> Exercise directions: Copy exactly the lines of the data below that run from the line holding "type_synonym 'a mat" through the line holding "n = (\<lambda>i", both ends included.

▬▬▬

(* The Hopf algebras $\mathsf{cf}(\mathrm{UT}_\bullet)$ and $\mathsf{scf}(\mathrm{UT}_\bullet)$ are noncommutative and noncocommutative.
   Context: Fix the finite field $\mathbb{F}_q$; $[n]=\{1,\dots,n\}$. $\mathrm{UT}_n$ is the group of $n\times n$ unipotent upper triangular matrices over $\mathbb{F}_q$; $\mathsf{cf}$ denotes complex class functions. Hopf algebra $\mathsf{cf}(\mathrm{UT}_\bullet)=\bigoplus_n\mathsf{cf}(\mathrm{UT}_n)$: for $I\subseteq[n]$, $I^c=[n]\setminus I$, let $\mathrm{UL}_I=\{g\in\mathrm{UT}_n:(g-1_n)_{i,j}\ne0\text{ only if }(i,j)\in I\times I\cup I^c\times I^c\}$, $\mathrm{UR}_I=\{g:(g-1_n)_{i,j}\ne0\text{ only if }(i,j)\in I\times I^c\}$, $\mathrm{UP}_I=\{g:(g-1_n)_{i,j}=0\text{ for }(i,j)\in I^c\times I\}=\mathrm{UL}_I\ltimes\mathrm{UR}_I$ ($\mathrm{UP}_{[i]}=\mathrm{UT}_n$). With $\mathrm{cano}_I:I\to[|I|]$ order-preserving, $\mathrm{UL}_I\cong\mathrm{UT}_{|I|}\times\mathrm{UT}_{|I^c|}$ by relabelling the diagonal blocks, inducing $\mathrm{st}_{(I,I^c)}:\mathsf{cf}(\mathrm{UL}_I)\to\mathsf{cf}(\mathrm{UT}_{|I|})\otimes\mathsf{cf}(\mathrm{UT}_{|I^c|})$. Product $\mu=\bigoplus_{n\ge i\ge0}\mathrm{Inf}^{\mathrm{UT}_n}_{\mathrm{UL}_{[i]}}\circ\mathrm{st}^{-1}_{([i],[i]^c)}$ with $\mathrm{Inf}\psi(lr)=\psi(l)$; coproduct $\Delta=\bigoplus_n\sum_{I\subseteq[n]}\mathrm{st}_{(I,I^c)}\circ\mathrm{Def}^{\mathrm{UP}_I}_{\mathrm{UL}_I}\circ\mathrm{Res}^{\mathrm{UT}_n}_{\mathrm{UP}_I}$ with $\mathrm{Def}\psi(g)=\frac1{|\mathrm{UR}_I|}\sum_{x\in\mathrm{UR}_I}\psi(gx)$. A natural unit interval order of $[n]$ is a partial order $\pi\subseteq[n]\times[n]$ with $(i,j)\in\pi\Rightarrow i\le j$ such that for every $(j,k)\in\pi$ with $j\ne k$, all $(i,l)$ with $i\le j$, $k\le l$ lie in $\pi$. For such $\pi$, $\mathrm{UT}(\pi)=\{g\in\mathrm{UT}_n:(g-1_n)_{i,j}\ne0\text{ only if }(i,j)\in\pi\}$, and $\mathsf{scf}(\mathrm{UT}_n)$ is the span of the characters $\mathrm{Ind}^{\mathrm{UT}_n}_{\mathrm{UT}(\pi)}(\mathbb{1})$ over all natural unit interval orders $\pi$ of $[n]$; $\mathsf{scf}(\mathrm{UT}_\bullet)=\bigoplus_n\mathsf{scf}(\mathrm{UT}_n)$ is a sub-Hopf algebra of $\mathsf{cf}(\mathrm{UT}_\bullet)$. *)

theory Defs
  imports Complex_Main "HOL-Algebra.Group"
begin

text \<open>Matrices over the finite field are functions nat => nat => 'a; an element of UT_n
  has indices in {1..n}: ones on the diagonal of {1..n}, entries only strictly above the
  diagonal inside {1..n}, and zero everywhere else.\<close>

type_synonym 'a mat = "nat \<Rightarrow> nat \<Rightarrow> 'a"

definition UT :: "nat \<Rightarrow> ('a::field) mat set" where
  "UT n = {g. \<forall>i j.
      (i = j \<longrightarrow> g i j = (if 1 \<le> i \<and> i \<le> n then 1 else 0)) \<and>
      (i \<noteq> j \<and> \<not> (1 \<le> i \<and> i < j \<and> j \<le> n) \<longrightarrow> g i j = 0)}"

definition mat_mult :: "nat \<Rightarrow> ('a::field) mat \<Rightarrow> 'a mat \<Rightarrow> 'a mat" where
  "mat_mult n g h = (\<lambda>i j. \<Sum>k\<in>{1..n}. g i k * h k j)"

definition mat_one :: "nat \<Rightarrow> ('a::field) mat" where
  "mat_one n = (\<lambda>i j. if i = j \<and> 1 \<le> i \<and> i \<le> n then 1 else 0)"

definition UT_grp :: "nat \<Rightarrow> ('a::field) mat monoid" where
  "UT_grp n = \<lparr>carrier = UT n, mult = mat_mult n, one = mat_one n\<rparr>"

definition cf :: "nat \<Rightarrow> (('a::{finite,field}) mat \<Rightarrow> complex) set" where
  "cf n = {f. (\<forall>g. g \<notin> UT n \<longrightarrow> f g = 0) \<and>
     (\<forall>g\<in>UT n. \<forall>x\<in>UT n.
        f (mat_mult n (mat_mult n x g) (m_inv (UT_grp n) x)) = f g)}"

text \<open>Elements of cf(UT_bullet) = direct sum over n of cf(UT_n): finitely supported families.\<close>
definition cfUT :: "(nat \<Rightarrow> ('a::{finite,field}) mat \<Rightarrow> complex) set" where
  "cfUT = {x. (\<forall>n. x n \<in> cf n) \<and> finite {n. x n \<noteq> (\<lambda>_. 0)}}"

text \<open>Diagonal blocks for I = [i]: the upper-left i x i block and the lower-right block,
  relabelled to UT_i and UT_(n-i).\<close>
definition topblk :: "nat \<Rightarrow> ('a::field) mat \<Rightarrow> 'a mat" where
  "topblk i g = (\<lambda>a b. if 1 \<le> a \<and> a \<le> i \<and> 1 \<le> b \<and> b \<le> i then g a b else 0)"

definition botblk :: "nat \<Rightarrow> nat \<Rightarrow> ('a::field) mat \<Rightarrow> 'a mat" where
  "botblk i n g = (\<lambda>a b. if 1 \<le> a \<and> a \<le> n - i \<and> 1 \<le> b \<and> b \<le> n - i
                          then g (a + i) (b + i) else 0)"

text \<open>The product mu, with the tensor x_i (x) y_j identified with the function
  (g,h) |-> x_i g * y_j h on UT_i x UT_j: Inf of st^{-1} evaluated at g in UT_n is the value
  at the block diagonal part of g.\<close>
definition cf_mult ::
  "(nat \<Rightarrow> ('a::{finite,field}) mat \<Rightarrow> complex) \<Rightarrow> (nat \<Rightarrow> 'a mat \<Rightarrow> complex)
     \<Rightarrow> nat \<Rightarrow> 'a mat \<Rightarrow> complex" where
  "cf_mult x y n g = (if g \<in> UT n then
      (\<Sum>i\<in>{0..n}. x i (topblk i g) * y (n - i) (botblk i n g)) else 0)"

▬▬▬

> Task result:
type_synonym 'a mat = "nat \<Rightarrow> nat \<Rightarrow> 'a"

definition UT :: "nat \<Rightarrow> ('a::field) mat set" where
  "UT n = {g. \<forall>i j.
      (i = j \<longrightarrow> g i j = (if 1 \<le> i \<and> i \<le> n then 1 else 0)) \<and>
      (i \<noteq> j \<and> \<not> (1 \<le> i \<and> i < j \<and> j \<le> n) \<longrightarrow> g i j = 0)}"

definition mat_mult :: "nat \<Rightarrow> ('a::field) mat \<Rightarrow> 'a mat \<Rightarrow> 'a mat" where
  "mat_mult n g h = (\<lambda>i j. \<Sum>k\<in>{1..n}. g i k * h k j)"

definition mat_one :: "nat \<Rightarrow> ('a::field) mat" where
  "mat_one n = (\<lambda>i j. if i = j \<and> 1 \<le> i \<and> i \<le> n then 1 else 0)"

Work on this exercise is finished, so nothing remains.